# WORK ORDER
What lines below mention the word "longleftrightarrow"? Copy each one.

** GIVEN ENTRIES follows **

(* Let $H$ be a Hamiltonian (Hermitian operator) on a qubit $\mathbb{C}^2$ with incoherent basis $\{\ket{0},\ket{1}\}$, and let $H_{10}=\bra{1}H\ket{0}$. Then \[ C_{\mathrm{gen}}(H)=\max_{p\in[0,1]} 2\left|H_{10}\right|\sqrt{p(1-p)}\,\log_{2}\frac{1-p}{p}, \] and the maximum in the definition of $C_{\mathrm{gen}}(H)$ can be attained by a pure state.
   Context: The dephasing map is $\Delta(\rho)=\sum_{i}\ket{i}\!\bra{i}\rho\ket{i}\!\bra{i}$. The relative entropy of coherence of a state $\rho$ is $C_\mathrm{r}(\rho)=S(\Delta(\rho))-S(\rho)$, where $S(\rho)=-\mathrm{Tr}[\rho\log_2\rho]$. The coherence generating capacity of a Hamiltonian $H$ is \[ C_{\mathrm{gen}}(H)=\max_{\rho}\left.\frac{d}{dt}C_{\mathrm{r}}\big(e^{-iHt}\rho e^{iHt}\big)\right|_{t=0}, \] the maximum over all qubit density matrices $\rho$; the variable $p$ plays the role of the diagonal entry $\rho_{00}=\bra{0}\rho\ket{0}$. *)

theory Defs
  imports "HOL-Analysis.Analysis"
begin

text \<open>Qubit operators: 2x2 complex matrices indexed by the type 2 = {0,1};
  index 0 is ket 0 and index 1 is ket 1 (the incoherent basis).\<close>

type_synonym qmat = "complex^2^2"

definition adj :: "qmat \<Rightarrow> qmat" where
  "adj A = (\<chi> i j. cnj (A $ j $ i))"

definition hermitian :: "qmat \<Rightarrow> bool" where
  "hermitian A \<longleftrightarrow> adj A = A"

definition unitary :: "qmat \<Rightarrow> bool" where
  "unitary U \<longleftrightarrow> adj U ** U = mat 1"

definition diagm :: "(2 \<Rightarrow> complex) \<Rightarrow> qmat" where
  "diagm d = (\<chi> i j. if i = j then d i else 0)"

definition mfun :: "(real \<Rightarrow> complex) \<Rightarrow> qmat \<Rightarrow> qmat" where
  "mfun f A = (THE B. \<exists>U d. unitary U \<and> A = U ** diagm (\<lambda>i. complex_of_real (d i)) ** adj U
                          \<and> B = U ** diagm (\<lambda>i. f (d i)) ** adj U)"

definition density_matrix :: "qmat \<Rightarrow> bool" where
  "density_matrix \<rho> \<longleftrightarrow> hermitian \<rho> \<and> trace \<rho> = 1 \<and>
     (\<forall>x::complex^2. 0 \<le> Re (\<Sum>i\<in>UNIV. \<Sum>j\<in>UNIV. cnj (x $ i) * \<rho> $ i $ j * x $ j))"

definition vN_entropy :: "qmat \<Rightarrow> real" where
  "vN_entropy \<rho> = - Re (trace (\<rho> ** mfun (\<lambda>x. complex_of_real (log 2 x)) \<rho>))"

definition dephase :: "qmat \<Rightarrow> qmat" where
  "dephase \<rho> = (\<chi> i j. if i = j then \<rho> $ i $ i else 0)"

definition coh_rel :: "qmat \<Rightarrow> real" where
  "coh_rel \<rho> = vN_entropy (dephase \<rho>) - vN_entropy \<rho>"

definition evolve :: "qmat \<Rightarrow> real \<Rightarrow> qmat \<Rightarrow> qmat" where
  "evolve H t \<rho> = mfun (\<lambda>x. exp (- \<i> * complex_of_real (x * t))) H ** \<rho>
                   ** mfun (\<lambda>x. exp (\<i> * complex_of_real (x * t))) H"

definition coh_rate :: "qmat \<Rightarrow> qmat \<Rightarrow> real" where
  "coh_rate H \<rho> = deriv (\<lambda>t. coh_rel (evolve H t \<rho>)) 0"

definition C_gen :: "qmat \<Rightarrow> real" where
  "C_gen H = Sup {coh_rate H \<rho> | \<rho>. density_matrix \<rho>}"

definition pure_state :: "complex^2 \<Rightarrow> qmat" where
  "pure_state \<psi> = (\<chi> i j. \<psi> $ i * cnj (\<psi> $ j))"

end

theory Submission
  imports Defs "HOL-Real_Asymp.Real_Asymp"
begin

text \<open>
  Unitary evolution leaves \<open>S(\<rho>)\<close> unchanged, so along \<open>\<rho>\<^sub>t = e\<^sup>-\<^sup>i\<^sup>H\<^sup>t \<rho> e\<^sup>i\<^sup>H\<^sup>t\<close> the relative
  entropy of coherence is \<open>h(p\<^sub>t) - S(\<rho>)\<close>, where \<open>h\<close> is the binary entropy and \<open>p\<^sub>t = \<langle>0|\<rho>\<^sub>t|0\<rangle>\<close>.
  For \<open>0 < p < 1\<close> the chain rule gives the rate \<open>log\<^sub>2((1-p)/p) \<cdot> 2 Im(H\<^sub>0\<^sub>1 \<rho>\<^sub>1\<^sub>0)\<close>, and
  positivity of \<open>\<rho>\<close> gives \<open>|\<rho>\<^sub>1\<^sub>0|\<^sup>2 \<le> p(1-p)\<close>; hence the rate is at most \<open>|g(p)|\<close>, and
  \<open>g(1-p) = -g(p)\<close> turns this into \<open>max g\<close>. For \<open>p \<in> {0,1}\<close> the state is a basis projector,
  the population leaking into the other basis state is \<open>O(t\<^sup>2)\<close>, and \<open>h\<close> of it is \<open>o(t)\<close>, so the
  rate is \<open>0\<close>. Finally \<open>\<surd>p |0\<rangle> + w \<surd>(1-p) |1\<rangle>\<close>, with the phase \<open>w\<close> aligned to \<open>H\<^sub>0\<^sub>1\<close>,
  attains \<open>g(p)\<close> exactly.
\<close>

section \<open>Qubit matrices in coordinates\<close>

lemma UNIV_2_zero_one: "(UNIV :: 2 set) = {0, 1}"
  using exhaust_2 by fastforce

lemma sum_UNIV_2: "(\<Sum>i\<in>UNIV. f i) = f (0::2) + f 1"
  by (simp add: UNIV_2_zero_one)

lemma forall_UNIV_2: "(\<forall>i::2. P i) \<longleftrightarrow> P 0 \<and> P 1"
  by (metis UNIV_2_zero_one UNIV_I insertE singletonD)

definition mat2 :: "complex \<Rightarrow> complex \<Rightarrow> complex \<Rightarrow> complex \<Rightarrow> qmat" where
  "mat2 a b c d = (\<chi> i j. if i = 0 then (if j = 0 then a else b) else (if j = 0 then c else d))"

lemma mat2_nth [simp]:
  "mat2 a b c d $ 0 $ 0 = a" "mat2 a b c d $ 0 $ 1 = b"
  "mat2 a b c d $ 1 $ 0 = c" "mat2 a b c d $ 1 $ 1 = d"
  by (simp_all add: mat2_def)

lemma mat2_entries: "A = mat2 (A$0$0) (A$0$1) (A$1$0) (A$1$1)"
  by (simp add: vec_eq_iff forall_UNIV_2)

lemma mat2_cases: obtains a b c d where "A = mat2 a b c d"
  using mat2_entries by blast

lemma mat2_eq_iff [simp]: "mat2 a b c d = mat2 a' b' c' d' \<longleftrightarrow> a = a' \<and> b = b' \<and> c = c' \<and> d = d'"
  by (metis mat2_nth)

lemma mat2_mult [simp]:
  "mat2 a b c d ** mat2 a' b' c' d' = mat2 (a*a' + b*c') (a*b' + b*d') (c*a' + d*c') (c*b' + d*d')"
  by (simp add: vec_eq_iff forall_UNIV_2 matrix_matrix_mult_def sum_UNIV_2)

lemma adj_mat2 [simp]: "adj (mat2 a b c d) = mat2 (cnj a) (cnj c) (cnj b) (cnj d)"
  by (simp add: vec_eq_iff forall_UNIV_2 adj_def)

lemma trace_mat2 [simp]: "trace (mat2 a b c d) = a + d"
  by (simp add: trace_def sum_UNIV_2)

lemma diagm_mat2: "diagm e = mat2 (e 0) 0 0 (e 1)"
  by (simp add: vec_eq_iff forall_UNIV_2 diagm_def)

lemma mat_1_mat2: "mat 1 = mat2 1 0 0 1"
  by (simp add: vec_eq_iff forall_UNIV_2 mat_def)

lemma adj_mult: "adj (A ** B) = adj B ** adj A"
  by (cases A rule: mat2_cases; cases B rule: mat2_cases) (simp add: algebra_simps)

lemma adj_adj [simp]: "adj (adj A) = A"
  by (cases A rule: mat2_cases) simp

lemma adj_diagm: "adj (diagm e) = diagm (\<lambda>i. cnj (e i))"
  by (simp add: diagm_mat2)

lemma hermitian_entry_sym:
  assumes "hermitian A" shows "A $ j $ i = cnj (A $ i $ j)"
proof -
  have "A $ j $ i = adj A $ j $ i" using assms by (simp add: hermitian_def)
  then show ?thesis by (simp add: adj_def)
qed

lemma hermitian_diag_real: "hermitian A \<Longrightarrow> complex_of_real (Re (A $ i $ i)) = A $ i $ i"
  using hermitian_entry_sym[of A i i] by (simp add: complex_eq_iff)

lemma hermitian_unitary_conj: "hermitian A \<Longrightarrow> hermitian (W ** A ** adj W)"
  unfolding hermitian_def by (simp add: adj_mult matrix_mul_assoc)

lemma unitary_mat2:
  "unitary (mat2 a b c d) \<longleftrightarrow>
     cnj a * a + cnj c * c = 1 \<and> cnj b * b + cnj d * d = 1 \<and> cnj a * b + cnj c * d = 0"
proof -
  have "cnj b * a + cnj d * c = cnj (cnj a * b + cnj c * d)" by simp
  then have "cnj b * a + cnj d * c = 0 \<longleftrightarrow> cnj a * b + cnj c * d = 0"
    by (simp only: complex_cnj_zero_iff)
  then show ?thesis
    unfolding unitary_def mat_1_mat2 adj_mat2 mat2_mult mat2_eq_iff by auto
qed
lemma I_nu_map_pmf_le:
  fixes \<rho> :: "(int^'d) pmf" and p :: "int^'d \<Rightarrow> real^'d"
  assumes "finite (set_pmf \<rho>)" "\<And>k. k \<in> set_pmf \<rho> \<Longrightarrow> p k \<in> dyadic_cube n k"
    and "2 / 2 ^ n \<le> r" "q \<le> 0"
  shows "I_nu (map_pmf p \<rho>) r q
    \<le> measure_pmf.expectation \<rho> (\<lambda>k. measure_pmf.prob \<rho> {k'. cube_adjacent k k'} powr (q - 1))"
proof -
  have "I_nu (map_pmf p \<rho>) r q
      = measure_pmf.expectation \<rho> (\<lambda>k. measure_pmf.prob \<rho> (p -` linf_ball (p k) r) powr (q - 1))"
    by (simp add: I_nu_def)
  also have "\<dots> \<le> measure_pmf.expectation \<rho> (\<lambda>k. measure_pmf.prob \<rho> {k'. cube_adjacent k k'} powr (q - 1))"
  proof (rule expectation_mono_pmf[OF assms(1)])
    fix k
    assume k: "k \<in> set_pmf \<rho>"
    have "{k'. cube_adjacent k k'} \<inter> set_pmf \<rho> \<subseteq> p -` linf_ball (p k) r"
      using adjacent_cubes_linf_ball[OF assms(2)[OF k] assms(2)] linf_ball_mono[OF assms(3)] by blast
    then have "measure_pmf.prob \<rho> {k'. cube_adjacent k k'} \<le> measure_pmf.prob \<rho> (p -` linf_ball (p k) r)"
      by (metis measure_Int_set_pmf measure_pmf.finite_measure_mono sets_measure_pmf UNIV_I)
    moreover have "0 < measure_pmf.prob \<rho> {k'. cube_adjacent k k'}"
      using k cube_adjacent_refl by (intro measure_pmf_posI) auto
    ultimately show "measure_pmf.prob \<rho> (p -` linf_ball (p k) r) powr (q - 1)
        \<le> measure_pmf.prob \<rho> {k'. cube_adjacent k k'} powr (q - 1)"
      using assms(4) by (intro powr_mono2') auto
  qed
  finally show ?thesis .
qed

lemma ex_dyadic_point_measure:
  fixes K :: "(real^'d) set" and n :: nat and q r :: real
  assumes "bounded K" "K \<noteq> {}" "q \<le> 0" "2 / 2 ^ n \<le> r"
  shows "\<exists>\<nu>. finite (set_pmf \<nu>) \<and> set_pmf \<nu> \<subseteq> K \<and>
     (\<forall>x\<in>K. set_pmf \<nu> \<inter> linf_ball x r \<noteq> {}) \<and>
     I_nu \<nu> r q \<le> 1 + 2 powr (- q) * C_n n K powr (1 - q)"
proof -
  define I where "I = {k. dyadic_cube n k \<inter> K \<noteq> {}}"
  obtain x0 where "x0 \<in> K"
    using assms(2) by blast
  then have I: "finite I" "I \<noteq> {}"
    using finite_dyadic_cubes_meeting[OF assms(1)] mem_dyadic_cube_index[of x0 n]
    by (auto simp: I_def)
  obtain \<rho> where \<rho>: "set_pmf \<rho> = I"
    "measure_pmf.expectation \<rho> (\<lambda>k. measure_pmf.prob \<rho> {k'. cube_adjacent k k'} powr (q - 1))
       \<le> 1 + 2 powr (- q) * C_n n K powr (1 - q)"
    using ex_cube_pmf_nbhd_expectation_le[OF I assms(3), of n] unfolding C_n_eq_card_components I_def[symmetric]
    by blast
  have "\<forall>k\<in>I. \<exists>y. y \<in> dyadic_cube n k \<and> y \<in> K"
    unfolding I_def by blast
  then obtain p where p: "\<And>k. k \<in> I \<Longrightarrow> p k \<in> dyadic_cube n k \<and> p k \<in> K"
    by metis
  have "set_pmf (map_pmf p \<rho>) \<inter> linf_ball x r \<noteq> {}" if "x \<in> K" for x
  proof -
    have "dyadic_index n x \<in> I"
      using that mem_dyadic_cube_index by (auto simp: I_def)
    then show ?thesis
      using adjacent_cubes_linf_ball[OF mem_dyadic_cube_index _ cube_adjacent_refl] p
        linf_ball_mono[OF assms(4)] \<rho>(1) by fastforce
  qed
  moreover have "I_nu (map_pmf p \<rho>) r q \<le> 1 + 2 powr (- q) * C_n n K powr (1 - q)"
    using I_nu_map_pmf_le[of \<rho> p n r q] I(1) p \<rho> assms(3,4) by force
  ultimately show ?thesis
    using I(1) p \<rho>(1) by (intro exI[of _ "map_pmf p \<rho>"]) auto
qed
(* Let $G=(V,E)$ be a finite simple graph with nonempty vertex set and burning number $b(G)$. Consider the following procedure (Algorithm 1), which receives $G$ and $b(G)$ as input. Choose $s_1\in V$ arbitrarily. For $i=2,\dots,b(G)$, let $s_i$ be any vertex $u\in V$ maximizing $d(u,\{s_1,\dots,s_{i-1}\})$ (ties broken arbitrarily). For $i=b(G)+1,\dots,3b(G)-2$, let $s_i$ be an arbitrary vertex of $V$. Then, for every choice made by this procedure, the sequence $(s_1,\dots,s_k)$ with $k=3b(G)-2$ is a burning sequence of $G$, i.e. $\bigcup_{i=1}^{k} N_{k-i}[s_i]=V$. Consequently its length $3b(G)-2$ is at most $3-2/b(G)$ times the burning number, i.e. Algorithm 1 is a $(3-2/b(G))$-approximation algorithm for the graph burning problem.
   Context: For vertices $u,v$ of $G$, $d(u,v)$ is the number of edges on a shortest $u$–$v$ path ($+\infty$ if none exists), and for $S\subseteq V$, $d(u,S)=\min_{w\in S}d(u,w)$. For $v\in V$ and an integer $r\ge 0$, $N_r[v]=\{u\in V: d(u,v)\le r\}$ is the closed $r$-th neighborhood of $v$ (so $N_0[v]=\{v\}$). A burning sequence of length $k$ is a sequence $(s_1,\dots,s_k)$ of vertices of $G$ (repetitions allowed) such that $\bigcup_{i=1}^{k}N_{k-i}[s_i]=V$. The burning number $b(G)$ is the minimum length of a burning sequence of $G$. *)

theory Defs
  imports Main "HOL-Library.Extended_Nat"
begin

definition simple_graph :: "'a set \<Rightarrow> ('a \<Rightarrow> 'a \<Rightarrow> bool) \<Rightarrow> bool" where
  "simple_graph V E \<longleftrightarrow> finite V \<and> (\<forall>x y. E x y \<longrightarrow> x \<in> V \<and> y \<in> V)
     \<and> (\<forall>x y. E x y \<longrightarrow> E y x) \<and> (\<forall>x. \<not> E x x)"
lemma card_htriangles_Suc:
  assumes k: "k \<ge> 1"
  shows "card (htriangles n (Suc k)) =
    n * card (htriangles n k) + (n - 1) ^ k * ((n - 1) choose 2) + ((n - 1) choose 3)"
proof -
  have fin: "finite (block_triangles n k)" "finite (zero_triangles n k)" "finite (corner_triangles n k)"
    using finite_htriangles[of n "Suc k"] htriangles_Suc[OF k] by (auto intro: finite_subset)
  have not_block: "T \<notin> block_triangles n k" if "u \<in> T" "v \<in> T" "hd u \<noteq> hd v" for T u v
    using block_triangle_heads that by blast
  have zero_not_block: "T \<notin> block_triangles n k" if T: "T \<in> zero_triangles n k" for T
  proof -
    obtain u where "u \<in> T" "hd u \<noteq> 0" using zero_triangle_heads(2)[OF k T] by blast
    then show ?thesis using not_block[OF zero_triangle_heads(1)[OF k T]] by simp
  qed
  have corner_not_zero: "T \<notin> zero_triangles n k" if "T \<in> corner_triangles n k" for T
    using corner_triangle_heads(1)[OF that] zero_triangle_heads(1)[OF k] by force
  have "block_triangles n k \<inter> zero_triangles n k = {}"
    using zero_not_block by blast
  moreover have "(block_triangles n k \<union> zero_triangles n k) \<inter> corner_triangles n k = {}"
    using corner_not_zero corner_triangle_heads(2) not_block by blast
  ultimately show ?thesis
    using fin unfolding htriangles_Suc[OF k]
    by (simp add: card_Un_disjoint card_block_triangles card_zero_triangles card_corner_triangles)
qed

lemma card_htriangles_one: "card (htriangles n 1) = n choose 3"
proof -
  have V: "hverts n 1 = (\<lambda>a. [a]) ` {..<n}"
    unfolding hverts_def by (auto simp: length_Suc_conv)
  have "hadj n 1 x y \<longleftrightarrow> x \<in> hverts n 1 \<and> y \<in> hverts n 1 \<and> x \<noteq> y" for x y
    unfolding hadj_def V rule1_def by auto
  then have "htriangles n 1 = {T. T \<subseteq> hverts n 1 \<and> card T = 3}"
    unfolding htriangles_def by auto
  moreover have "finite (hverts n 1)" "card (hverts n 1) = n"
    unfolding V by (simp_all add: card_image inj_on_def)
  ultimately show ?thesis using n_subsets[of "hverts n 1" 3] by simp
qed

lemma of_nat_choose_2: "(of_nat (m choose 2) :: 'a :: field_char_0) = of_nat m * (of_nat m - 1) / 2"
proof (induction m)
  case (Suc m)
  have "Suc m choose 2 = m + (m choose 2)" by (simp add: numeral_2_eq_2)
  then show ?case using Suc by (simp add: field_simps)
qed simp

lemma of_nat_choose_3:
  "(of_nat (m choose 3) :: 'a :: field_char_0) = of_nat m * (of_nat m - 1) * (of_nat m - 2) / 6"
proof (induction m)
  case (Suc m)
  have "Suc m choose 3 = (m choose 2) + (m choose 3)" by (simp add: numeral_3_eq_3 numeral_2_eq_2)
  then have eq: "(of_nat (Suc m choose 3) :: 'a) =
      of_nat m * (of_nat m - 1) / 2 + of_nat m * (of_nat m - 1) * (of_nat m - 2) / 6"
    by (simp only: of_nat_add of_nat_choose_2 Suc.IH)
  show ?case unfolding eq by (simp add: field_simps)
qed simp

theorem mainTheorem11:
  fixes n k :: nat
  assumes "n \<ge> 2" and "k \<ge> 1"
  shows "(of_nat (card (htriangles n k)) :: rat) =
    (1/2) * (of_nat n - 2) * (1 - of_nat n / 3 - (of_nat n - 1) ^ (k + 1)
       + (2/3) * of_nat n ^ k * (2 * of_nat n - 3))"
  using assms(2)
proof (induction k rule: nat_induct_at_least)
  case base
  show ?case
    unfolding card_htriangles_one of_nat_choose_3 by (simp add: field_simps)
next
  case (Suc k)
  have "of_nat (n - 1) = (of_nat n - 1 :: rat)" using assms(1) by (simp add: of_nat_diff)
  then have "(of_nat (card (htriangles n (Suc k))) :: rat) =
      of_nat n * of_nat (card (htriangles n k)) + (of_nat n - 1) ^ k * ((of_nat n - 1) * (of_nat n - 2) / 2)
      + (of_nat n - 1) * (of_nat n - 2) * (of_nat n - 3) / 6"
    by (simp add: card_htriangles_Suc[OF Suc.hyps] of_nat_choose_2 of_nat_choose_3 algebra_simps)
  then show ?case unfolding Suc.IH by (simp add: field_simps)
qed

** End of GIVEN ENTRIES **

# COMPLETED EXERCISE
  "hermitian A \<longleftrightarrow> adj A = A"
  "unitary U \<longleftrightarrow> adj U ** U = mat 1"
  "density_matrix \<rho> \<longleftrightarrow> hermitian \<rho> \<and> trace \<rho> = 1 \<and>
lemma forall_UNIV_2: "(\<forall>i::2. P i) \<longleftrightarrow> P 0 \<and> P 1"
lemma mat2_eq_iff [simp]: "mat2 a b c d = mat2 a' b' c' d' \<longleftrightarrow> a = a' \<and> b = b' \<and> c = c' \<and> d = d'"
  "unitary (mat2 a b c d) \<longleftrightarrow>
  then have "cnj b * a + cnj d * c = 0 \<longleftrightarrow> cnj a * b + cnj c * d = 0"
  "simple_graph V E \<longleftrightarrow> finite V \<and> (\<forall>x y. E x y \<longrightarrow> x \<in> V \<and> y \<in> V)
  have "hadj n 1 x y \<longleftrightarrow> x \<in> hverts n 1 \<and> y \<in> hverts n 1 \<and> x \<noteq> y" for x y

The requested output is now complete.